FunctionAvailable plug-ins
Jobs and files metadataPostgreSQL, Redis/Valkey (development/test only)
Priority queue, events, status updatesRedis/Valkey
File storage (input/output)S3, Filesystem

Prerequisites

Before installing Batch Gateway, ensure you have:

  1. Kubernetes cluster: A running Kubernetes cluster (v1.25+).
    • For local development, you can use Kind or Minikube.
    • For production, OpenShift, GKE or AKS are supported.
  2. Helm: 3.0+
  3. llm-d Inference Stack: Batch Gateway requires an existing optimized baseline stack to dispatch requests to.
  4. PostgreSQL: 12+ for metadata storage. Redis/Valkey are available as an alternative for development/test only.
  5. Redis/Valkey: Redis 6+ or Valkey 8+ for priority queue, events, and status updates.
  6. S3 or Filesystem: For batch input and output file storage.

Installation

Step 1: Create the Namespace

export NAMESPACE=batch-gateway
kubectl create namespace ${NAMESPACE}

Step 2: Create the Secrets

Batch Gateway requires a Kubernetes Secret with database and storage credentials:

kubectl create secret generic batch-gateway-secrets -n ${NAMESPACE} \
--from-literal=redis-url="redis://redis-master.redis.svc.cluster.local:6379/0" \
--from-literal=postgresql-url="postgresql://user:password@postgresql.postgresql.svc.cluster.local:5432/batchgateway" \
--from-literal=s3-secret-access-key="<your-s3-secret-key>"
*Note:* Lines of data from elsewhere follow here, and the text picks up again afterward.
text \<open>
  For \<open>s = 0\<close> the Pappus configurations \<open>pappus_point m s\<close> degenerate: the points \<open>3, 6, 9\<close>
  fall onto \<open>1, 4, 7\<close>, and every realization of \<open>C\<close> is a projective image of such a
  degenerate configuration. So the realizations of \<open>C\<close> are limits of realizations of \<open>M\<^sub>P\<close>.

  A point of the circuit variety of \<open>C\<close> is, after choosing a representative for each of the
  classes \<open>A, B, C'\<close>, a rescaled lift of a configuration of the triangle \<open>P\<close>: three vertices and
  a point on each side. Explicit polynomial curves deform such a configuration, through ones with
  pairwise distinct and then with independent vertices, into generic realizations of \<open>P\<close>; the
  rotation of the triangle reduces the degenerate cases to a single one. A curve that lies in a
  set off the finitely many zeros of a nonzero polynomial lies in its Zariski closure.

  Relabelling the coordinates by \<open>\<sigma>\<close> transports everything to \<open>\<sigma> C\<close>, and leaves \<open>M\<^sub>P\<close>
  unchanged because \<open>\<sigma>\<close> is an automorphism.
\<close>

section \<open>Polynomial curves and the Zariski closure\<close>

definition is_polynomial :: "(complex \<Rightarrow> complex) \<Rightarrow> bool" where
  "is_polynomial f \<longleftrightarrow> (\<exists>p. \<forall>t. f t = poly p t)"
Step 3: Configure the llm-d Router URL

The Batch Processor needs to know where to send inference requests. This is configured via the processor.config.globalInferenceGateway.url Helm value, or per-model via processor.config.modelGateways.

Single gateway (all models route to one endpoint):

export INFERENCE_GW_URL="http://infra-inference-scheduling-inference-gateway-istio.llm-d-inference-scheduler.svc.cluster.local:80"

Per-model gateways (different endpoints per model): see the Helm chart README for modelGateways configuration.

Step 4: Deploy

From OCI Registry:

helm install batch-gateway oci://ghcr.io/llm-d-incubation/charts/batch-gateway \
-n ${NAMESPACE} \
--set processor.config.globalInferenceGateway.url="${INFERENCE_GW_URL}" \
--set "apiserver.config.batchAPI.passThroughHeaders={Authorization}" \
--set global.fileClient.fs.pvcName="batch-gateway-pvc"

From Source:

helm install batch-gateway ./charts/batch-gateway \
-n ${NAMESPACE} \
--set processor.config.globalInferenceGateway.url="${INFERENCE_GW_URL}" \
--set "apiserver.config.batchAPI.passThroughHeaders={Authorization}" \
--set global.fileClient.fs.pvcName="batch-gateway-pvc"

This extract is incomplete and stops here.